小学校の時に国語で習ったお話の中で、一番印象に残っているのが、『ふじ山の鳥よせ』です。と言っても、話の筋は全く覚えておらず、その中の歌だけを記憶しています。子どもの頃、鳥よせの名人だった「お父さん」が、鳥を呼ぶために歌った歌です。
ちんちんからから、ほういほい
いっぴつけいじょう、ひのようじん
ずういきりきり、ちいちょんちょん
ひゅんひゅんけんけん、ぎょっぴるり
ごろすけぼうこう、ほうほけきょう
ちんぺぺちんぺぺ、ちちんぽい
いちぴいにいどく、さんぴいちゃん
てっぺんかけたか、ついびいびい
当時の担任の先生が、この歌をみんなに暗唱させていました。みんなで一緒に読んだり、宿題で覚えてきたり、そうこうするうちに、この歌は40年経っても耳から離れないものになってしまいました。
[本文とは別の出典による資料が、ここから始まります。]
(* Let $a,b\in\mathbb{Q}_3$ with $\gamma(a)=3$, $\gamma(b)=0$ and $(b_0,b_1)=(1,0)$ or $(2,2)$. Then $x=\sum_{k\ge0}x_k3^k\in\mathbb{Z}_3^*$ is a solution of $x^3+ax=b$ if and only if the congruences $$x_0^3\equiv b_0\pmod3,\qquad x_0^3\equiv b_0+3b_1\pmod9,$$ $$x_0^2x_1+M_1(x_0)\equiv b_2\pmod3,$$ $$x_0^2x_2+P_3^2(x_0,x_1)+x_0a_0+x_0x_1^2+M_2(x_0,x_1)\equiv b_3\pmod3,$$ $$x_0^2x_{k-1}+P_k^{k-1}(x_0,\dots,x_{k-2})+2x_0x_1x_{k-2}+x_{k-3}a_0+x_{k-4}a_1+\dots+x_0a_{k-3}+M_{k-1}(x_0,\dots,x_{k-2})\equiv b_k\pmod3,\quad k\ge4,$$ are fulfilled, where the integers $M_k(x_0,\dots,x_{k-1})$ are defined by $$x_0^3=b_0+3b_1+9M_1(x_0),$$ $$x_0^2x_1=b_2-M_1(x_0)+3M_2(x_0,x_1),$$ $$x_0^2x_2+P_3^2(x_0,x_1)+x_0a_0+x_0x_1^2=b_3-M_2(x_0,x_1)+3M_3(x_0,x_1,x_2),$$ $$x_0^2x_{k-1}+P_k^{k-1}(x_0,\dots,x_{k-2})+2x_0x_1x_{k-2}+x_{k-3}a_0+\dots+x_0a_{k-3}=b_k-M_{k-1}(x_0,\dots,x_{k-2})+3M_k(x_0,\dots,x_{k-1}),\quad k\ge4.$$
   Context: Write $a=3^{\gamma(a)}(a_0+a_13+a_23^2+\dots)$, $b=3^{\gamma(b)}(b_0+b_13+b_23^2+\dots)$ in canonical form, with digits $a_j,b_j\in\{0,1,2\}$, $a_0,b_0\ne0$, $\gamma(a),\gamma(b)\in\mathbb{Z}$. $\mathbb{Z}_3^*$ is the set of $3$-adic units; $x\in\mathbb{Z}_3^*$ is written $x=x_0+x_13+x_23^2+\dots$ with $x_j\in\{0,1,2\}$, $x_0\ne0$. For $j\le k$, $P_k^j(x_0,\dots,x_{j-1})=\sum\frac{6}{m_0!\cdots m_{j-1}!}x_0^{m_0}\cdots x_{j-1}^{m_{j-1}}$, the sum over nonnegative integers $m_0,\dots,m_{j-1}$ with $\sum_{i=0}^{j-1}m_i=3$ and $\sum_{i=1}^{j-1}im_i=k$. *)

theory Defs
  imports Main "HOL-Number_Theory.Cong"
begin

text \<open>3-adic numbers are represented by their digit sequences d :: nat => int,
  d j in {0,1,2}; the number is sum_j d j * 3^j (times 3^gamma).\<close>

definition digits3 :: "(nat \<Rightarrow> int) \<Rightarrow> bool" where
  "digits3 d \<longleftrightarrow> (\<forall>j. d j \<in> {0, 1, 2})"

definition trunc3 :: "(nat \<Rightarrow> int) \<Rightarrow> nat \<Rightarrow> int" where
  "trunc3 d n = (\<Sum>j<n. d j * 3 ^ j)"

text \<open>x^3 + a x = b in Z_3, where x = sum x_j 3^j, a = 3^3 * sum a_j 3^j, b = sum b_j 3^j.
  Equality in Z_3 = inverse limit of Z/3^n: equality modulo 3^n for every n.\<close>
definition solves3 :: "(nat \<Rightarrow> int) \<Rightarrow> (nat \<Rightarrow> int) \<Rightarrow> (nat \<Rightarrow> int) \<Rightarrow> bool" where
  "solves3 x a b \<longleftrightarrow>
     (\<forall>n. [trunc3 x n ^ 3 + 27 * trunc3 a n * trunc3 x n = trunc3 b n] (mod 3 ^ n))"

definition Pkj :: "nat \<Rightarrow> nat \<Rightarrow> (nat \<Rightarrow> int) \<Rightarrow> int" where
  "Pkj k j x = (\<Sum>m\<in>{m :: nat \<Rightarrow> nat. (\<forall>i. j \<le> i \<longrightarrow> m i = 0) \<and>
                         (\<Sum>i<j. m i) = 3 \<and> (\<Sum>i<j. i * m i) = k}.
       int (6 div (\<Prod>i<j. fact (m i))) * (\<Prod>i<j. x i ^ m i))"

text \<open>Left-hand side (without the carry M) of the level-k relation, k >= 2.\<close>
definition lev :: "(nat \<Rightarrow> int) \<Rightarrow> (nat \<Rightarrow> int) \<Rightarrow> nat \<Rightarrow> int" where
  "lev x a k =
    (if k = 2 then x 0 ^ 2 * x 1
     else if k = 3 then x 0 ^ 2 * x 2 + Pkj 3 2 x + x 0 * a 0 + x 0 * x 1 ^ 2
     else x 0 ^ 2 * x (k - 1) + Pkj k (k - 1) x + 2 * x 0 * x 1 * x (k - 2)
          + (\<Sum>i\<le>k - 3. x (k - 3 - i) * a i))"

text \<open>The carries M_k, defined by
  x_0^3 = b_0 + 3 b_1 + 9 M_1 and lev k = b_k - M_{k-1} + 3 M_k (k >= 2).
  Integer division is exact whenever the preceding congruences hold; if one fails,
  the conjunction of congruences is false anyway.\<close>
fun Mcarry :: "(nat \<Rightarrow> int) \<Rightarrow> (nat \<Rightarrow> int) \<Rightarrow> (nat \<Rightarrow> int) \<Rightarrow> nat \<Rightarrow> int" where
  "Mcarry x a b 0 = 0"
| "Mcarry x a b (Suc 0) = (x 0 ^ 3 - b 0 - 3 * b 1) div 9"
| "Mcarry x a b (Suc (Suc n)) =
     (lev x a (Suc (Suc n)) + Mcarry x a b (Suc n) - b (Suc (Suc n))) div 3"

end

theory Submission
  imports Defs "HOL-Combinatorics.Multiset_Permutations"
begin

text \<open>
  Modulo 3^n, the coefficient of 3^k in x^3 + a x (where a carries the factor 3^3) is the sum
  of x_p x_q x_r over the ordered triples with p + q + r = k, plus the sum of x_(k-3-i) a_i.
  Counting the orderings of each multiset of indices identifies the triples with all indices
  below k - 1 with P_k^(k-1); the remaining triples contribute 3 x_0^2 x_k + 6 x_0 x_1 x_(k-1),
  a multiple of 3 that is moved up to position k + 1. After this regrouping the digit at
  position k is the left-hand side of the paper's level-k congruence. Finally, 3^n divides the
  sum of d_k 3^k over k < n for every n iff every d_k plus its incoming carry is divisible by 3,
  and these carries are the M_k.
\<close>

section \<open>Ordered triples and the polynomials P\<close>

lemma sum_mset_image_eq_sum_count:
  fixes f :: "'a \<Rightarrow> 'b::comm_semiring_1"
  assumes "finite A" "set_mset M \<subseteq> A"
  shows "(\<Sum>i\<in>#M. f i) = (\<Sum>i\<in>A. of_nat (count M i) * f i)"
  using assms(2)
proof (induction M)
  case empty
  then show ?case by simp
next
  case (add y M)
  have "(\<Sum>i\<in>A. of_nat (count (add_mset y M) i) * f i)
      = (\<Sum>i\<in>A. of_nat (count M i) * f i + (if i = y then f y else 0))"
    by (rule sum.cong) (auto simp: algebra_simps)
  also have "\<dots> = (\<Sum>i\<in>A. of_nat (count M i) * f i) + f y"
    using add.prems assms(1) by (simp add: sum.distrib)
  finally show ?case
    using add by (simp add: add.commute)
qed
先日、ひょんなことから、40年前の国語の教科書を見る機会がありました。真っ先に『ふじ山の鳥よせ』を探し、読んでみました。
鳥よせ名人の「お父さん」が、あるひ、とうとうお城の飾りのホウオウまで呼んでしまったこと。それを返しにいったら、市長さんがいたく喜んで、褒美をくれたこと。そのようなあらすじは全く記憶からぬけていました。
何よりも、最終場面です。
「お父さん」が語る鳥よせの話を聞いていた子どもの、「お父さん、鳥の声、何かまねしてよ。」というお願いに対し、お父さんはこう答えます。
「お父さんの気持ちは、もう、あの時みたいに、軽々と、楽しくて、すうっとしていないのさ。それに・・・」
「声がわりしたもんで、もうだめなのさ。」
40年前は、『ふじ山の鳥よせ』の話を、体で味わい、リズムを楽しみ、おかげで大人になっても忘れない宝物のお話として自分の中に残りました。
今は、気持ちも体も純粋な子どもの世界に戻りたくても戻れない大人の淋しさを描いた物語ではないかということに気付きました。
それぞれに、その時々の自分をかけてお話を楽しんでいます。
本は、しっかりとそれに応えてくれます。